The device is highly robust and compact, measuring slightly smaller than a small projector. “AroTrack can do (detect) multiple pollutant aromatic xenobiotics and can be carried to remote places. It is quite small and will also work in rural settings or difficult-to-reach sites,” explains Prof. Anand.

The key component of the device is a biosensing module called MopR – a sensitive sensor for detecting phenol. Prof. Anand’s research team engineered it from the Acinetobacter calcoaceticus bacteria in 2017. MopR is both selective and stable, meaning it can detect pollutants even in complex environments with a high degree of precision. Researchers at IIT Bombay have further diversified the MopR biosensor to detect other pollutants from the benzene and xylenol groups by engineering mutations in the bacterial protein.

“The protein biosensing is very specific as the protein sensing pocket is tailor-made for the ligand (ion or molecule, like phenol or benzene). We have engineered mutations in the DNA of the protein sequence that can give mutant versions of the protein that now sense different molecules, creating a battery of sensors. Each sensor is particularly designed for a ligand,” explains Prof. Anand.

Once interfaced with an in-house, multi-channel monitoring apparatus, the MopR-based sensor forms the core of the newly developed aromatics tracking device—AroTrack. Talking about how the AroTrack detects the pollutants using the biosensor modules, Prof. Bandyopadhyaya explains, “AroTrack contains a light emitting diode (LED)-phototransistor assembly, that shines a light of appropriate wavelength through the sample and detects how much is absorbed. A more intense colour generates a higher absorbance.”

Despite the complexity of AroTrack’s function, the team managed to keep the overall cost of the device to a minimum of $50 (less than Rs. 5000) without compromising its sensitivity. “Using in-house 3D printing in our laboratory, we were able to economically design, fabricate and iterate a fully functional device. Also, the cost could be kept down by using basic electronics and open-source, mass-produced microcontrollers for data processing and analysis,” remarks Prof. Bandyopadhyaya.

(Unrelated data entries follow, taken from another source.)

(* Let $n\ge3$, $U\ge3$, run the modified chain $(X_t)$ started at $X_1=a$, and consider its transitions at times $1,\dots,4n-1$. For a state $b$, let $T(a,b)$ be the event that $X_{4n}=b$ and no major self-loop is taken at any of the states $1,1',n,n'$ during these transitions. For a state $j$, let $T'(a,j)$ be the event that during these transitions no major self-loop is taken at $1,1',n,n'$ and exactly one switching link is taken, at state $j$. Let $L_k$ be the event that exactly $k$ major self-loops are taken during these transitions. If $0\le k\le 2n-2$ and $k\equiv p(b)-p(a)\pmod 2$, then there exists a state $j$ (depending on $a,b,k$) such that $$T'(a,j)\cap L_k\subseteq T(a,b)\cap L_k.$$
   Context: Let $n\ge3$, $U\ge3$ be integers. The "modified chain" is a Markov chain on the $2n$ states $\{1,\dots,n,1',\dots,n'\}$ whose transitions are labeled edges (a multigraph). Every state has exactly three outgoing edges: a "major self-loop" with probability $1/2$, a "continuing link" with probability $\frac12(1-\frac1U)$, and a "switching link" with probability $\frac1{2U}$. Continuing links: $i\to i+1$ for $1\le i\le n-1$, $n\to n'$, $i'\to(i-1)'$ for $2\le i\le n$, $1'\to1$. Switching links: $i\to(i+1)'$ for $1\le i\le n-1$, $n\to n$, $i'\to i-1$ for $2\le i\le n$, $1'\to1'$ (at $n$ and $1'$ the switching link is a self-loop distinct from the major self-loop). The circular position of a state is $p(i)=i$ and $p(i')=2n+1-i$ for $1\le i\le n$, considered modulo $2n$. *)

theory Defs
  imports Complex_Main
begin

text \<open>States of the modified chain: (i, False) is state i, (i, True) is state i',
  for 1 \<le> i \<le> n.  Every state has three labelled outgoing edges.\<close>

type_synonym mstate = "nat \<times> bool"

datatype link = Major | Cont | Switch

definition states :: "nat \<Rightarrow> mstate set" where
  "states n = {(i, b). 1 \<le> i \<and> i \<le> n}"

fun step :: "nat \<Rightarrow> mstate \<Rightarrow> link \<Rightarrow> mstate" where
  "step n s Major = s"
| "step n (i, False) Cont = (if i < n then (i + 1, False) else (n, True))"
| "step n (i, True) Cont = (if 2 \<le> i then (i - 1, True) else (1, False))"
| "step n (i, False) Switch = (if i < n then (i + 1, True) else (n, False))"
| "step n (i, True) Switch = (if 2 \<le> i then (i - 1, False) else (1, True))"

definition link_prob :: "nat \<Rightarrow> link \<Rightarrow> real" where
  "link_prob U l = (case l of Major \<Rightarrow> 1/2 | Cont \<Rightarrow> (1/2) * (1 - 1 / real U)
                             | Switch \<Rightarrow> 1 / (2 * real U))"

fun pos :: "nat \<Rightarrow> mstate \<Rightarrow> int" where
  "pos n (i, False) = int i"
| "pos n (i, True) = 2 * int n + 1 - int i"

text \<open>Trajectory X_1, X_2, ... determined by the start state and the sequence of
  links taken; element t (0-based) of the list is X_(t+1).\<close>
fun traj :: "nat \<Rightarrow> mstate \<Rightarrow> link list \<Rightarrow> mstate list" where
  "traj n a [] = [a]"
| "traj n a (l # ls) = a # traj n (step n a l) ls"

definition special :: "nat \<Rightarrow> mstate set" where
  "special n = {(1, False), (1, True), (n, False), (n, True)}"

text \<open>Sample outcomes: sequences of the links taken at times 1, ..., 4n-1.\<close>
definition outcomes :: "nat \<Rightarrow> link list set" where
  "outcomes n = {ls. length ls = 4 * n - 1}"

definition no_major_special :: "nat \<Rightarrow> mstate \<Rightarrow> link list \<Rightarrow> bool" where
  "no_major_special n a ls =
     (\<forall>t < length ls. ls ! t = Major \<longrightarrow> traj n a ls ! t \<notin> special n)"

definition evT :: "nat \<Rightarrow> mstate \<Rightarrow> mstate \<Rightarrow> link list set" where
  "evT n a b = {ls \<in> outcomes n. last (traj n a ls) = b \<and> no_major_special n a ls}"

definition evT' :: "nat \<Rightarrow> mstate \<Rightarrow> mstate \<Rightarrow> link list set" where
  "evT' n a j = {ls \<in> outcomes n. no_major_special n a ls
      \<and> card {t. t < length ls \<and> ls ! t = Switch} = 1
      \<and> (\<forall>t < length ls. ls ! t = Switch \<longrightarrow> traj n a ls ! t = j)}"

definition evL :: "nat \<Rightarrow> nat \<Rightarrow> link list set" where
  "evL n k = {ls \<in> outcomes n. card {t. t < length ls \<and> ls ! t = Major} = k}"

end

theory Submission
  imports Defs "HOL-Number_Theory.Cong"
begin

(* Read every state through its circular position modulo 2n: a
   continuing link adds 1 to the position, a switching link negates it and a
   major self-loop keeps it.  Hence along a run of 4n-1 links with exactly
   one switching link, taken at state j, and k major self-loops,
       pos X_4n = pos a + (4n-2-k) - 2 pos j   (mod 2n),
   whatever else happens along the run.  The parity hypothesis makes
   d = pos a + 4n-2-k - pos b even, so some unprimed state j has
   2 pos j = d (mod 2n); for this j every run in T'(a,j) and L_k ends at a
   state with the position of b, hence at b, because distinct states have
   distinct positions modulo 2n. *)

lemma step_in_states: "s \<in> states n \<Longrightarrow> step n s l \<in> states n"
  by (cases s; cases "snd s"; cases l) (auto simp: states_def)

lemma pos_step_Cont:
  assumes "s \<in> states n"
  shows "[pos n (step n s Cont) = pos n s + 1] (mod 2 * int n)"
proof -
  obtain i c where s: "s = (i, c)" and i: "1 \<le> i" "i \<le> n"
    using assms by (cases s) (auto simp: states_def)
  consider "c" "i = 1" | "c" "2 \<le> i" | "\<not> c" "i < n" | "\<not> c" "i = n"
    using i by linarith
  then show ?thesis
  proof cases
    case 1
    then have "pos n (step n s Cont) = pos n s + 1 - 2 * int n" using s by simp
    then show ?thesis by (simp add: cong_iff_dvd_diff)
  qed (use s in \<open>auto simp: of_nat_diff cong_iff_dvd_diff\<close>)
qed

lemma pos_step_Switch:
  assumes "s \<in> states n"
  shows "[pos n (step n s Switch) = - pos n s] (mod 2 * int n)"
proof -
  obtain i c where s: "s = (i, c)" and i: "1 \<le> i" "i \<le> n"
    using assms by (cases s) (auto simp: states_def)
  consider "c" "i = 1" | "c" "2 \<le> i" | "\<not> c" "i < n" | "\<not> c" "i = n"
    using i by linarith
  then have "pos n (step n s Switch) + pos n s \<in> {2 * int n, 4 * int n}"
    by cases (use s in \<open>auto simp: of_nat_diff\<close>)
  then have "2 * int n dvd pos n (step n s Switch) + pos n s"
    by auto
  then show ?thesis by (simp add: cong_iff_dvd_diff)
qed

text \<open>Positions range over \<open>1, \<dots>, 2n\<close>, so distinct states have positions
  that are distinct modulo 2n.\<close>
lemma pos_cong_imp_eq:
  assumes "s \<in> states n" "t \<in> states n" "[pos n s = pos n t] (mod 2 * int n)"
  shows "s = t"
proof -
  have range: "0 \<le> pos n u - 1" "pos n u - 1 < 2 * int n" if "u \<in> states n" for u
    using that by (cases u; cases "snd u"; auto simp: states_def)+
  have "pos n s - 1 = pos n t - 1"
  proof (rule cong_less_imp_eq_int)
    show "[pos n s - 1 = pos n t - 1] (mod 2 * int n)"
      using assms(3) by (simp add: cong_diff)
  qed (use range assms(1,2) in auto)
  then show ?thesis
    using assms(1,2) by (cases s; cases t; cases "snd s"; cases "snd t") (auto simp: states_def)
qed

lemma traj_not_Nil [simp]: "traj n a ls \<noteq> []"
  by (cases ls) auto

lemma last_traj_append:
  "last (traj n a (xs @ ys)) = last (traj n (last (traj n a xs)) ys)"
  by (induction xs arbitrary: a) (auto simp: last_ConsR)

lemma traj_nth_length:
  "traj n a (xs @ ys) ! length xs = last (traj n a xs)"
proof (induction xs arbitrary: a)
  case Nil
  show ?case by (cases ys) auto
qed (auto simp: last_ConsR)

lemma switch_free_run:
  assumes "a \<in> states n" "Switch \<notin> set ys"
  shows "last (traj n a ys) \<in> states n \<and>
    [pos n (last (traj n a ys)) = pos n a + int (count_list ys Cont)] (mod 2 * int n)"
  using assms
proof (induction ys arbitrary: a)
  case Nil
  then show ?case by simp
next
  case (Cons l ys)
  have last_eq: "last (traj n a (l # ys)) = last (traj n (step n a l) ys)"
    by (simp add: last_ConsR)
  have IH: "last (traj n (step n a l) ys) \<in> states n"
      "[pos n (last (traj n (step n a l) ys)) = pos n (step n a l) + int (count_list ys Cont)]
        (mod 2 * int n)"
    using Cons step_in_states by auto
  have "l \<noteq> Switch" using Cons.prems by auto
  then have "[pos n (step n a l) = pos n a + int (count_list [l] Cont)] (mod 2 * int n)"
    using Cons.prems pos_step_Cont by (cases l) auto
  from cong_add[OF this cong_refl[of "int (count_list ys Cont)"]]
  have "[pos n (step n a l) + int (count_list ys Cont)
      = pos n a + int (count_list (l # ys) Cont)] (mod 2 * int n)"
    by (simp add: count_list_append[of "[l]" ys, simplified] add.assoc)
  then show ?case
    using IH last_eq by (auto intro: cong_trans)
qed

lemma link_counts:
  "count_list ls Major + count_list ls Cont + count_list ls Switch = length ls"
proof (induction ls)
  case (Cons l ls)
  then show ?case by (cases l) auto
qed simp

lemma card_positions_eq_count_list:
  "card {t. t < length ls \<and> ls ! t = x} = count_list ls x"
  by (simp add: count_list_eq_length_filter length_filter_conv_card eq_commute)

lemma one_switch_run:
  assumes "a \<in> states n" "Switch \<notin> set xs" "Switch \<notin> set ys"
    and q: "q = last (traj n a xs)"
  shows "last (traj n a (xs @ Switch # ys)) \<in> states n \<and>
    [pos n (last (traj n a (xs @ Switch # ys)))
      = pos n a + int (count_list (xs @ ys) Cont) - 2 * pos n q] (mod 2 * int n)"
proof -
  define r where "r = step n q Switch"
  have q_run: "q \<in> states n" "[pos n q = pos n a + int (count_list xs Cont)] (mod 2 * int n)"
    using switch_free_run[OF assms(1,2)] q by auto
  have r_st: "r \<in> states n" and r_pos: "[pos n r = - pos n q] (mod 2 * int n)"
    using step_in_states pos_step_Switch q_run(1) r_def by auto
  have end_eq: "last (traj n a (xs @ Switch # ys)) = last (traj n r ys)"
    using last_traj_append[of n a xs "Switch # ys"] last_traj_append[of n q "[Switch]" ys]
    by (simp add: q r_def)
  have r_run: "last (traj n r ys) \<in> states n"
      "[pos n (last (traj n r ys)) = pos n r + int (count_list ys Cont)] (mod 2 * int n)"
    using switch_free_run[OF r_st assms(3)] by auto
  have split: "pos n (last (traj n r ys))
        - (pos n a + int (count_list (xs @ ys) Cont) - 2 * pos n q)
      = (pos n (last (traj n r ys)) - (pos n r + int (count_list ys Cont)))
        + (pos n r - - pos n q) + (pos n q - (pos n a + int (count_list xs Cont)))"
    by simp
  then have "[pos n (last (traj n r ys))
      = pos n a + int (count_list (xs @ ys) Cont) - 2 * pos n q] (mod 2 * int n)"
    unfolding cong_iff_dvd_diff split
    using r_run(2) r_pos q_run(2) by (intro dvd_add) (simp_all add: cong_iff_dvd_diff)
  then show ?thesis
    using end_eq r_run(1) by simp
qed

lemma single_switch_endpoint:
  assumes "a \<in> states n"
    and one: "count_list ls Switch = 1"
    and at_j: "\<forall>t < length ls. ls ! t = Switch \<longrightarrow> traj n a ls ! t = j"
  shows "last (traj n a ls) \<in> states n \<and>
    [pos n (last (traj n a ls))
      = pos n a + int (length ls) - 1 - int (count_list ls Major) - 2 * pos n j] (mod 2 * int n)"
proof -
  obtain xs ys where ls: "ls = xs @ Switch # ys" and "Switch \<notin> set xs"
      and "count_list ys Switch = 0"
    using count_list_Suc_split_first[of ls Switch 0] one by auto
  then have free: "Switch \<notin> set xs" "Switch \<notin> set ys" by (auto simp: count_list_0_iff)
  have "traj n a ls ! length xs = j"
    using at_j ls by auto
  then have q: "j = last (traj n a xs)"
    using traj_nth_length[of n a xs "Switch # ys"] ls by simp
  have "int (count_list (xs @ ys) Cont) = int (length ls) - 1 - int (count_list ls Major)"
    using link_counts[of ls] one ls by simp
  then have rewrite: "pos n a + int (count_list (xs @ ys) Cont) - 2 * pos n j
      = pos n a + int (length ls) - 1 - int (count_list ls Major) - 2 * pos n j"
    by linarith
  show ?thesis
    using one_switch_run[OF assms(1) free q] unfolding ls[symmetric] rewrite .
qed

lemma single_switch_runs_end_at:
  assumes "n \<ge> 1" "a \<in> states n" "b \<in> states n"
    and j: "[2 * pos n j = pos n a + 4 * int n - 2 - int k - pos n b] (mod 2 * int n)"
  shows "evT' n a j \<inter> evL n k \<subseteq> evT n a b"
proof
  fix ls assume ls: "ls \<in> evT' n a j \<inter> evL n k"
  then have len: "length ls = 4 * n - 1" and one: "count_list ls Switch = 1"
    and major: "count_list ls Major = k"
    and at_j: "\<forall>t < length ls. ls ! t = Switch \<longrightarrow> traj n a ls ! t = j"
    by (auto simp: evT'_def evL_def outcomes_def card_positions_eq_count_list)
  define d where "d = pos n a + 4 * int n - 2 - int k - pos n b"
  have final_pos: "pos n a + int (length ls) - 1 - int (count_list ls Major) - 2 * pos n j
      = pos n b + (d - 2 * pos n j)"
    using len major assms(1) by (simp add: d_def of_nat_diff)
  have end_run: "last (traj n a ls) \<in> states n"
      "[pos n (last (traj n a ls)) = pos n b + (d - 2 * pos n j)] (mod 2 * int n)"
    using single_switch_endpoint[OF assms(2) one at_j] unfolding final_pos by simp_all
  have "[pos n b + (d - 2 * pos n j) = pos n b + 0] (mod 2 * int n)"
    using j unfolding d_def[symmetric]
    by (intro cong_add cong_refl) (simp add: cong_iff_dvd_diff dvd_diff_commute)
  then have "last (traj n a ls) = b"
    using pos_cong_imp_eq[OF end_run(1) assms(3)] end_run(2) cong_trans by auto
  then show "ls \<in> evT n a b"
    using ls by (auto simp: evT_def evT'_def)
qed

lemma exists_state_double_pos:
  assumes "n \<ge> 1" "even d"
  shows "\<exists>j \<in> states n. [2 * pos n j = d] (mod 2 * int n)"
proof -
  define P where "P = nat ((d div 2 - 1) mod int n) + 1"
  have P_int: "int P = (d div 2 - 1) mod int n + 1"
    using assms(1) by (simp add: P_def)
  have "0 \<le> (d div 2 - 1) mod int n" "(d div 2 - 1) mod int n < int n"
    using assms(1) by simp_all
  then have P_range: "1 \<le> P" "P \<le> n"
    using P_int by linarith+
  have "[int P = (d div 2 - 1) + 1] (mod int n)"
    unfolding P_int by (intro cong_add cong_mod_leftI cong_refl)
  then have "int n dvd int P - d div 2"
    by (simp add: cong_iff_dvd_diff)
  then have "2 * int n dvd 2 * int P - 2 * (d div 2)"
    by (metis mult_dvd_mono dvd_refl right_diff_distrib)
  then have "[2 * pos n (P, False) = d] (mod 2 * int n)"
    using assms(2) by (simp add: cong_iff_dvd_diff)
  moreover have "(P, False) \<in> states n"
    using P_range by (simp add: states_def)
  ultimately show ?thesis by blast
qed

theorem lemma10:
  fixes n U k :: nat and a b :: mstate
  assumes "n \<ge> 3" and "U \<ge> 3"
    and "a \<in> states n" and "b \<in> states n"
    and "k \<le> 2 * n - 2"
    and "int k mod 2 = (pos n b - pos n a) mod 2"
  shows "\<exists>j \<in> states n. evT' n a j \<inter> evL n k \<subseteq> evT n a b \<inter> evL n k"
proof -
  define d where "d = pos n a + 4 * int n - 2 - int k - pos n b"
  have "2 dvd int k - (pos n b - pos n a)"
    using assms(6) by (simp add: mod_eq_dvd_iff)
  moreover have "d = 2 * (2 * int n - 1 - (pos n b - pos n a)) - (int k - (pos n b - pos n a))"
    by (simp add: d_def algebra_simps)
  ultimately have "even d"
    by (metis dvd_diff dvd_triv_left)
  then obtain j where "j \<in> states n" "[2 * pos n j = d] (mod 2 * int n)"
    using exists_state_double_pos[of n d] assms(1) by auto
  moreover from this(2) have "evT' n a j \<inter> evL n k \<subseteq> evT n a b"
    using single_switch_runs_end_at assms(1,3,4) unfolding d_def by simp
  ultimately show ?thesis
    by blast
qed

end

AroTrack can detect several aromatic contaminants, including phenol, benzene, and 2,3-dimethylphenol, even when these pollutants are present in low concentrations – usually in the 10-200 parts per billion (ppb) range. Tests in simulated wastewater and actual environmental samples have found that the AroTrack is highly reliable, offering a degree of accuracy and efficiency on par with modern spectrophotometers, which are currently used for detection. The device also reliably worked in water temperatures up to 50 degrees Celsius and completed the tests in under 30 minutes.

Moreover, due to its low cost, battery-operated nature, and portability, AroTrack can be ideal for rural and low-income settings that often lack resources and have difficulty accessing expensive laboratory tests. Explaining the next steps in expanding the capabilities of AroTrack, Prof. Anand says, “We are currently trying to increase the type of pollutants to biphenyl aromatics and pollutants that are complex aromatics ”.

Speaking about its market readiness, Prof. Bandyopadhyaya adds, “The product is ready as an initial functional prototype, which can demonstrate all the reported functions. To make it fully market-ready, more field trials and quality analysis are needed to assess its robustness under more varied working conditions in the field, with a wider variety of water sources and compositions.”

The AroTrack device underscores the significant potential of employing low-cost, open-source electronic components to create field-ready, environment-monitoring devices. As a viable alternative to traditional analytical technologies, it has the potential to revolutionise how we test water quality—a critical first step toward a safer, healthier world.